2013年2月5日星期二

在樂觀與傷感徘徊的光景


手頭上圖書館借來的書已大致看完。隨手從架上抽出一冊新近的書 - 荒木經惟「寫真 - 愛」。書乃Tommy及Cherub最近從香港回來所贈。喜悅的是朋友記得我的喜好令我看到荒木新近的中文譯本,更喜悅的是看見朋友樂觀上了一層樓。

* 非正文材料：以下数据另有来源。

(* Let $(G,\preceq)$ be a cc sponge group with positive cone $C=\{x\in G\mid\mathbf{1}\preceq x\}$, and let $H$ be a subgroup of $G$ such that (i) for all $q,r\in G$, if $\mathbf{1}\preceq q$, $\mathbf{1}\preceq r$ and $q\cdot r\in H$, then $q\in H$ and $r\in H$; and (ii) for every $z\in G$ there is $h\in H$ with $R(z)\cap C\cdot H\subseteq R(h)$, where $R(z)=\{y\in G\mid z\preceq y\}$. Define the relation $\sqsubseteq$ on $G/H=\{x\cdot H\mid x\in G\}$ by $\overline{x}\sqsubseteq\overline{y}\iff x^{-1}\cdot y\in C\cdot H$ (where $\overline{x}=x\cdot H$). Then $(G/H,\sqsubseteq)$ is a cc sponge. If $H$ is a normal subgroup of $G$, then $(G/H,\sqsubseteq)$ is a cc sponge group.
   Context: An orientation is a reflexive, antisymmetric binary relation. An oriented group is a group $G$ (operation $\cdot$, neutral element $\mathbf{1}$) with an orientation $\preceq$ such that $x\preceq y$ implies $x\cdot z\preceq y\cdot z$ and $z\cdot x\preceq z\cdot y$. A subset $P$ is right-bounded if some $s$ has $p\preceq s$ for all $p\in P$; the join of $P$ is an $x$ with $p\preceq x$ for all $p\in P$ and $x\preceq y$ whenever $p\preceq y$ for all $p\in P$. An oriented set is a cc sponge if every nonempty right-bounded subset has a join (equivalently for these structures, every nonempty left-bounded subset has a meet). A cc sponge group is an oriented group that is a cc sponge. *)

theory Defs
  imports "HOL-Algebra.Left_Coset"
begin

definition orientation :: "'a set \<Rightarrow> ('a \<Rightarrow> 'a \<Rightarrow> bool) \<Rightarrow> bool" where
  "orientation A rel \<longleftrightarrow> (\<forall>x\<in>A. rel x x) \<and> (\<forall>x\<in>A. \<forall>y\<in>A. rel x y \<and> rel y x \<longrightarrow> x = y)"

definition oriented_group :: "('a, 'b) monoid_scheme \<Rightarrow> ('a \<Rightarrow> 'a \<Rightarrow> bool) \<Rightarrow> bool" where
  "oriented_group G rel \<longleftrightarrow> group G \<and> orientation (carrier G) rel \<and>
     (\<forall>x\<in>carrier G. \<forall>y\<in>carrier G. \<forall>z\<in>carrier G. rel x y \<longrightarrow>
        rel (x \<otimes>\<^bsub>G\<^esub> z) (y \<otimes>\<^bsub>G\<^esub> z) \<and> rel (z \<otimes>\<^bsub>G\<^esub> x) (z \<otimes>\<^bsub>G\<^esub> y))"

definition right_bounded :: "'a set \<Rightarrow> ('a \<Rightarrow> 'a \<Rightarrow> bool) \<Rightarrow> 'a set \<Rightarrow> bool" where
  "right_bounded A rel P \<longleftrightarrow> (\<exists>s\<in>A. \<forall>p\<in>P. rel p s)"

definition is_join :: "'a set \<Rightarrow> ('a \<Rightarrow> 'a \<Rightarrow> bool) \<Rightarrow> 'a set \<Rightarrow> 'a \<Rightarrow> bool" where
  "is_join A rel P x \<longleftrightarrow> x \<in> A \<and> (\<forall>p\<in>P. rel p x) \<and>
     (\<forall>y\<in>A. (\<forall>p\<in>P. rel p y) \<longrightarrow> rel x y)"

definition cc_sponge :: "'a set \<Rightarrow> ('a \<Rightarrow> 'a \<Rightarrow> bool) \<Rightarrow> bool" where
  "cc_sponge A rel \<longleftrightarrow> orientation A rel \<and>
     (\<forall>P. P \<subseteq> A \<and> P \<noteq> {} \<and> right_bounded A rel P \<longrightarrow> (\<exists>x. is_join A rel P x))"

definition cc_sponge_group :: "('a, 'b) monoid_scheme \<Rightarrow> ('a \<Rightarrow> 'a \<Rightarrow> bool) \<Rightarrow> bool" where
  "cc_sponge_group G rel \<longleftrightarrow> oriented_group G rel \<and> cc_sponge (carrier G) rel"

definition pos_cone :: "('a, 'b) monoid_scheme \<Rightarrow> ('a \<Rightarrow> 'a \<Rightarrow> bool) \<Rightarrow> 'a set" where
  "pos_cone G rel = {x \<in> carrier G. rel \<one>\<^bsub>G\<^esub> x}"

definition right_set :: "('a, 'b) monoid_scheme \<Rightarrow> ('a \<Rightarrow> 'a \<Rightarrow> bool) \<Rightarrow> 'a \<Rightarrow> 'a set" where
  "right_set G rel z = {y \<in> carrier G. rel z y}"

definition quot_rel :: "('a, 'b) monoid_scheme \<Rightarrow> ('a \<Rightarrow> 'a \<Rightarrow> bool) \<Rightarrow> 'a set \<Rightarrow> 'a set \<Rightarrow> 'a set \<Rightarrow> bool" where
  "quot_rel G rel H X Y \<longleftrightarrow> (\<exists>x\<in>carrier G. \<exists>y\<in>carrier G.
      X = x <#\<^bsub>G\<^esub> H \<and> Y = y <#\<^bsub>G\<^esub> H \<and>
      inv\<^bsub>G\<^esub> x \<otimes>\<^bsub>G\<^esub> y \<in> pos_cone G rel <#>\<^bsub>G\<^esub> H)"

end

(* Write C for the positive cone. For cosets xH and yH one has xH below yH iff some element of
   xH lies below some element of yH, equivalently iff x \<preceq> y h for some h in H; this makes the
   relation well defined, reflexive and, for normal H, compatible with coset multiplication.
   Antisymmetry is convexity (i): if x^-1 y and y^-1 x both lie in C H, then x^-1 y h and a
   conjugate of y^-1 x h' are positive with product in H, hence x^-1 y is in H.
   For a family P of cosets bounded by sH, the elements of the union of P lying below s form a
   bounded subset Q of G, whose join j gives the join jH of P. Minimality of jH uses (ii): for an
   upper bound tH, one h in H with R(s^-1 t) \<inter> C H \<subseteq> R(h) gives q \<preceq> t h^-1 for all q in Q
   at once, hence j \<preceq> t h^-1. *)

theory Submission
  imports Defs
begin

lemma (in normal) lcosets_eq_rcosets: "lcosets H = rcosets H"
  unfolding LCOSETS_def RCOSETS_def using coset_eq by auto

lemma (in normal) LFactGroup_eq_FactGroup: "G LMod H = G Mod H"
  unfolding LFactGroup_def FactGroup_def lcosets_eq_rcosets ..

lemma (in group) mult_inv_cancel: "\<lbrakk>x \<in> carrier G; y \<in> carrier G\<rbrakk> \<Longrightarrow> x \<otimes> (inv x \<otimes> y) = y"
  by (simp add: m_assoc [symmetric])

lemma lcosetsI: "x \<in> carrier G \<Longrightarrow> x <#\<^bsub>G\<^esub> H \<in> lcosets\<^bsub>G\<^esub> H"
  unfolding LCOSETS_def by blast

lemma lcosetsE:
  assumes "X \<in> lcosets\<^bsub>G\<^esub> H"
  obtains x where "x \<in> carrier G" "X = x <#\<^bsub>G\<^esub> H"
  using assms unfolding LCOSETS_def by blast

locale biinvariant_group = group G for G (structure) +
  fixes rel :: "'a \<Rightarrow> 'a \<Rightarrow> bool" (infix "\<preceq>" 50)
  assumes le_refl: "x \<in> carrier G \<Longrightarrow> x \<preceq> x"
    and le_mult_right:
      "\<lbrakk>x \<preceq> y; x \<in> carrier G; y \<in> carrier G; z \<in> carrier G\<rbrakk> \<Longrightarrow> x \<otimes> z \<preceq> y \<otimes> z"
    and le_mult_left:
      "\<lbrakk>x \<preceq> y; x \<in> carrier G; y \<in> carrier G; z \<in> carrier G\<rbrakk> \<Longrightarrow> z \<otimes> x \<preceq> z \<otimes> y"

lemma biinvariant_groupI: "oriented_group G rel \<Longrightarrow> biinvariant_group G rel"
  by (simp add: oriented_group_def orientation_def biinvariant_group_def
      biinvariant_group_axioms_def)

context biinvariant_group
begin

lemma le_mult_left_iff:
  assumes "x \<in> carrier G" "y \<in> carrier G" "z \<in> carrier G"
  shows "z \<otimes> x \<preceq> z \<otimes> y \<longleftrightarrow> x \<preceq> y"
proof
  assume "z \<otimes> x \<preceq> z \<otimes> y"
  then have "inv z \<otimes> (z \<otimes> x) \<preceq> inv z \<otimes> (z \<otimes> y)"
    by (rule le_mult_left) (use assms in auto)
  then show "x \<preceq> y"
    using assms by (simp add: m_assoc [symmetric])
qed (use assms le_mult_left in blast)

lemma le_mult_right_iff:
  assumes "x \<in> carrier G" "y \<in> carrier G" "z \<in> carrier G"
  shows "x \<otimes> z \<preceq> y \<otimes> z \<longleftrightarrow> x \<preceq> y"
proof
  assume "x \<otimes> z \<preceq> y \<otimes> z"
  then have "x \<otimes> z \<otimes> inv z \<preceq> y \<otimes> z \<otimes> inv z"
    by (rule le_mult_right) (use assms in auto)
  then show "x \<preceq> y"
    using assms by (simp add: m_assoc)
qed (use assms le_mult_right in blast)

lemma le_iff_one_le_inv_mult:
  assumes "x \<in> carrier G" "y \<in> carrier G"
  shows "x \<preceq> y \<longleftrightarrow> \<one> \<preceq> inv x \<otimes> y"
  using le_mult_left_iff [of x y "inv x"] assms by simp

lemma inv_le_inv:
  assumes "x \<in> carrier G" "y \<in> carrier G" "x \<preceq> y"
  shows "inv y \<preceq> inv x"
proof -
  have "inv y \<otimes> x \<preceq> inv y \<otimes> y"
    using assms(3) by (rule le_mult_left) (use assms in auto)
  then have "inv y \<otimes> x \<otimes> inv x \<preceq> inv y \<otimes> y \<otimes> inv x"
    by (rule le_mult_right) (use assms in auto)
  then show ?thesis
    using assms by (simp add: m_assoc)
qed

書的全名:「寫真 - 愛:直到生命盡頭,我依然相信寫真」,黃亞紀中譯,2012年9月初版,原點出版。今早讀了第一篇:「母親的死」。雖然荒木寫來不沉重,但是劈頭遇到的,又是生命之盡頭。最近連番遇到熟識的人逝去,或遠的或近的。東松照明,大島渚...當然最傷感的是也斯離世。在馬吉的網頁又看到麥繼安的訃聞,麥在去年底逝世,喪禮卻在也斯的之後一天舉行。我與麥不算很熟,他寫詩,是早期秋螢詩刊的編委成員。後來我放下寫詩轉而去了攝影,他也開始專注編導工作。那還是後來碰到他談起才悉知之事。疏忽漏去之事也多,當時的生活,好的壞的也總不能令你喘息。

西方人看荒木,大都只是看到浮面的東西。甚至腦中只得一個縛紮意象。自從台灣開始個別中譯日本攝影師的文本,算是華文閱讀人之福了,可以多一點層次理解。當然,要挑剔的是出版人選擇者還是過於保守以市場爲考慮。日本的攝影圈內,除了不少攝影人長於文字表述,也有不少人撰寫了大量關於日本攝影的書籍。例如伊藤俊治,飯澤耕太郎等。尤其是後者,我真希望中譯行內的朋友可以翻譯出幾本飯澤耕太郎談攝影的文集。就是看他論述荒木經惟也可消除某些出版人的顧慮,只是看我們是否可以不沿直線的角度想。當然更大的想法是這或許可以幫補我們的不足。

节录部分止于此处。